START Source material
(* Let $B=(b_{jk})_{1\le j,k\le n}$ be a complex matrix with units on the diagonal such that $|b_{jk}|<3/2$ whenever $j<k$ and $|b_{jk}|<4^{-n}$ whenever $j>k$. Then $B$ is non-degenerate. *)

theory Defs
  imports Complex_Main "Jordan_Normal_Form.Determinant"
begin

end

theory Submission
  imports Defs
begin

text \<open>
  Suppose \<open>B x = 0\<close> with \<open>x \<noteq> 0\<close>, let \<open>S = max\<^sub>k |x\<^sub>k|\<close> and let
  \<open>T\<^sub>j = \<Sum>\<^sub>k\<^sub>\<ge>\<^sub>j |x\<^sub>k|\<close> be the tail sums. Solving row \<open>j\<close> for its diagonal
  term gives \<open>|x\<^sub>j| \<le> 3/2 T\<^sub>j\<^sub>+\<^sub>1 + n 4\<^sup>-\<^sup>n S\<close>, hence
  \<open>T\<^sub>j \<le> 5/2 T\<^sub>j\<^sub>+\<^sub>1 + n 4\<^sup>-\<^sup>n S\<close>. Unrolling this recurrence from \<open>T\<^sub>n = 0\<close>
  yields \<open>T\<^sub>0 \<le> n (5/8)\<^sup>n S < S\<close>, while \<open>S \<le> T\<^sub>0\<close>.
\<close>

lemma sum_lessThan_split_at:
  fixes f :: "nat \<Rightarrow> 'a::comm_monoid_add"
  assumes "j < n"
  shows "(\<Sum>k<n. f k) = (\<Sum>k<j. f k) + f j + (\<Sum>k\<in>{Suc j..<n}. f k)"
proof -
  have "{..<n} = {..<j} \<union> {j..<n}" using assms by auto
  then have "(\<Sum>k<n. f k) = (\<Sum>k<j. f k) + (\<Sum>k\<in>{j..<n}. f k)"
    by (metis finite_atLeastLessThan finite_lessThan ivl_disj_int(2) sum.union_disjoint)
  then show ?thesis using assms by (simp add: sum.atLeast_Suc_lessThan add.assoc)
qed

lemma norm_le_offdiag_row_bound:
  fixes b x :: "nat \<Rightarrow> 'a::real_normed_algebra_1"
  assumes row: "(\<Sum>k<n. b k * x k) = 0" and j: "j < n" and diag: "b j = 1"
    and upper: "\<And>k. j < k \<Longrightarrow> k < n \<Longrightarrow> norm (b k) \<le> u"
    and lower: "\<And>k. k < j \<Longrightarrow> norm (b k) \<le> \<epsilon>"
    and bound: "\<And>k. k < n \<Longrightarrow> norm (x k) \<le> S"
  shows "norm (x j) \<le> u * (\<Sum>k\<in>{Suc j..<n}. norm (x k)) + real j * \<epsilon> * S"
proof -
  have "x j = - ((\<Sum>k<j. b k * x k) + (\<Sum>k\<in>{Suc j..<n}. b k * x k))"
    using row sum_lessThan_split_at[OF j, of "\<lambda>k. b k * x k"] diag
    by (simp add: eq_neg_iff_add_eq_0 algebra_simps)
  then have "norm (x j) \<le> norm (\<Sum>k<j. b k * x k) + norm (\<Sum>k\<in>{Suc j..<n}. b k * x k)"
    by (metis norm_minus_cancel norm_triangle_ineq)
  also have "norm (\<Sum>k<j. b k * x k) \<le> (\<Sum>k<j. \<epsilon> * S)"
    using j lower bound
    by (intro sum_norm_le order.trans[OF norm_mult_ineq] mult_mono) (auto intro: order.trans[OF norm_ge_zero])
  also have "norm (\<Sum>k\<in>{Suc j..<n}. b k * x k) \<le> (\<Sum>k\<in>{Suc j..<n}. u * norm (x k))"
    using upper
    by (intro sum_norm_le order.trans[OF norm_mult_ineq] mult_right_mono) auto
  finally show ?thesis by (simp add: sum_distrib_left mult.assoc)
qed

lemma backward_recurrence_bound:
  fixes T :: "nat \<Rightarrow> 'a::linordered_idom"
  assumes "a \<ge> 0" and "\<And>j. j < n \<Longrightarrow> T j \<le> a * T (Suc j) + d"
  shows "T 0 \<le> a ^ n * T n + d * (\<Sum>i<n. a ^ i)"
  using assms(2)
proof (induction n arbitrary: T)
  case 0
  then show ?case by simp
next
  case (Suc n)
  have "T (Suc 0) \<le> a ^ n * T (Suc n) + d * (\<Sum>i<n. a ^ i)"
    using Suc.IH[of "\<lambda>j. T (Suc j)"] Suc.prems by simp
  then have "T 0 \<le> a * (a ^ n * T (Suc n) + d * (\<Sum>i<n. a ^ i)) + d"
    using Suc.prems[of 0] assms(1) by (meson add_right_mono mult_left_mono order.trans zero_less_Suc)
  moreover have "(\<Sum>i<Suc n. a ^ i) = 1 + a * (\<Sum>i<n. a ^ i)"
    by (subst sum.lessThan_Suc_shift) (simp add: sum_distrib_left)
  ultimately show ?case by (simp add: algebra_simps)
qed

lemma sum_powers_less_power:
  fixes a :: "'a::linordered_semidom"
  assumes "2 \<le> a"
  shows "(\<Sum>i<n. a ^ i) < a ^ n"
proof (induction n)
  case 0
  then show ?case by simp
next
  case (Suc n)
  have "(\<Sum>i<Suc n. a ^ i) < a ^ n + a ^ n" using Suc by simp
  also have "\<dots> = 2 * a ^ n" by (simp add: mult_2)
  also have "\<dots> \<le> a ^ Suc n"
    using assms by (simp add: mult_right_mono order.trans[OF zero_le_numeral assms])
  finally show ?case .
qed

lemma nat_mult_five_pow_less_eight_pow: "n * 5 ^ n < (8::nat) ^ n"
proof (induction n rule: less_induct)
  case (less n)
  show ?case
  proof (cases "n \<le> 2")
    case True
    then have "n = 0 \<or> n = 1 \<or> n = 2" by auto
    then show ?thesis by auto
  next
    case False
    then obtain m where n: "n = Suc m" and "2 \<le> m" by (cases n) auto
    have "n * 5 ^ n = 5 * Suc m * 5 ^ m" unfolding n by (simp add: algebra_simps)
    also have "\<dots> \<le> 8 * m * 5 ^ m" using \<open>2 \<le> m\<close> by (intro mult_right_mono) auto
    also have "\<dots> < 8 * 8 ^ m" using less.IH[of m] n by simp
    finally show ?thesis using n by simp
  qed
qed

lemma real_mult_five_eighths_pow_less_1: "real n * (5 / 8) ^ n < 1"
proof -
  have "real (n * 5 ^ n) < real (8 ^ n)" using nat_mult_five_pow_less_eight_pow of_nat_less_iff by blast
  then have "real n * 5 ^ n < 8 ^ n" by simp
  then show ?thesis by (simp add: power_divide field_simps)
qed

lemma nearly_upper_triangular_kernel_trivial:
  fixes b :: "nat \<Rightarrow> nat \<Rightarrow> 'a::real_normed_algebra_1" and x :: "nat \<Rightarrow> 'a"
  assumes kernel: "\<And>j. j < n \<Longrightarrow> (\<Sum>k<n. b j k * x k) = 0"
    and diag: "\<And>j. j < n \<Longrightarrow> b j j = 1"
    and upper: "\<And>j k. j < k \<Longrightarrow> k < n \<Longrightarrow> norm (b j k) \<le> 3 / 2"
    and lower: "\<And>j k. k < j \<Longrightarrow> j < n \<Longrightarrow> norm (b j k) \<le> 1 / 4 ^ n"
    and i: "i < n"
  shows "x i = 0"
proof (rule ccontr)
  assume "x i \<noteq> 0"
  define S where "S = Max ((\<lambda>k. norm (x k)) ` {..<n})"
  have le_S: "norm (x k) \<le> S" if "k < n" for k
    unfolding S_def using that by (intro Max_ge) auto
  obtain k where k: "k < n" "S = norm (x k)"
    unfolding S_def using i Max_in[of "(\<lambda>k. norm (x k)) ` {..<n}"] by fastforce
  have "S > 0" using le_S[OF i] \<open>x i \<noteq> 0\<close> by (meson less_le_trans zero_less_norm_iff)
  define T where "T j = (\<Sum>k\<in>{j..<n}. norm (x k))" for j
  define \<delta> where "\<delta> = real n * (1 / 4 ^ n) * S"
  have "\<delta> \<ge> 0" unfolding \<delta>_def using \<open>S > 0\<close> by simp
  have T_step: "T j \<le> 5 / 2 * T (Suc j) + \<delta>" if j: "j < n" for j
  proof -
    have "norm (x j) \<le> 3 / 2 * T (Suc j) + real j * (1 / 4 ^ n) * S"
      unfolding T_def using kernel diag upper lower le_S j
      by (intro norm_le_offdiag_row_bound[where b = "b j"]) auto
    also have "real j * (1 / 4 ^ n) * S \<le> \<delta>"
      unfolding \<delta>_def using j \<open>S > 0\<close> by (intro mult_right_mono) auto
    finally show ?thesis
      using j by (simp add: T_def sum.atLeast_Suc_lessThan)
  qed
  have "T 0 \<le> (5 / 2) ^ n * T n + \<delta> * (\<Sum>i<n. (5 / 2) ^ i)"
    using T_step by (intro backward_recurrence_bound) auto
  also have "\<dots> \<le> \<delta> * (5 / 2) ^ n"
    using sum_powers_less_power[of "5 / 2 :: real" n] \<open>\<delta> \<ge> 0\<close>
    by (simp add: T_def mult_left_mono)
  also have "\<dots> = real n * (5 / 8) ^ n * S"
  proof -
    have "(5 / 8 :: real) ^ n = (5 / 2) ^ n / 4 ^ n"
      by (simp flip: power_divide)
    then show ?thesis by (simp add: \<delta>_def)
  qed
  also have "\<dots> < S"
    using real_mult_five_eighths_pow_less_1[of n] \<open>S > 0\<close> by simp
  finally have "T 0 < S" .
  moreover have "S \<le> T 0"
    unfolding T_def k(2) using k(1) by (intro member_le_sum) auto
  ultimately show False by simp
qed

theorem lemma9:
  fixes B :: "complex mat" and n :: nat
  assumes "B \<in> carrier_mat n n"
    and "\<And>j. j < n \<Longrightarrow> B $$ (j, j) = 1"
    and "\<And>j k. j < k \<Longrightarrow> k < n \<Longrightarrow> cmod (B $$ (j, k)) < 3 / 2"
    and "\<And>j k. k < j \<Longrightarrow> j < n \<Longrightarrow> cmod (B $$ (j, k)) < 1 / 4 ^ n"
  shows "det B \<noteq> 0"
proof
  assume "det B = 0"
  then obtain v where v: "v \<in> carrier_vec n" "v \<noteq> 0\<^sub>v n" "B *\<^sub>v v = 0\<^sub>v n"
    using det_0_iff_vec_prod_zero[OF assms(1)] by blast
  have "(\<Sum>k<n. B $$ (j, k) * v $ k) = 0" if "j < n" for j
  proof -
    have "(B *\<^sub>v v) $ j = row B j \<bullet> v"
      using assms(1) that by (intro index_mult_mat_vec) simp
    also have "\<dots> = (\<Sum>k<n. B $$ (j, k) * v $ k)"
      using assms(1) v(1) that by (simp add: scalar_prod_def atLeast0LessThan)
    finally show ?thesis using v(3) that by simp
  qed
  then have "v $ i = 0" if "i < n" for i
    using nearly_upper_triangular_kernel_trivial[of n "\<lambda>j k. B $$ (j, k)" "\<lambda>k. v $ k"]
      assms(2-4) that by (auto simp: less_imp_le)
  then have "v = 0\<^sub>v n" using v(1) by (intro eq_vecI) auto
  with v(2) show False ..
qed

end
END Source material
## Your objective
Your reply should hold every line from the data that contains "assoc", copied in full.

## Result of this exercise
  then show ?thesis using assms by (simp add: sum.atLeast_Suc_lessThan add.assoc)
  finally show ?thesis by (simp add: sum_distrib_left mult.assoc)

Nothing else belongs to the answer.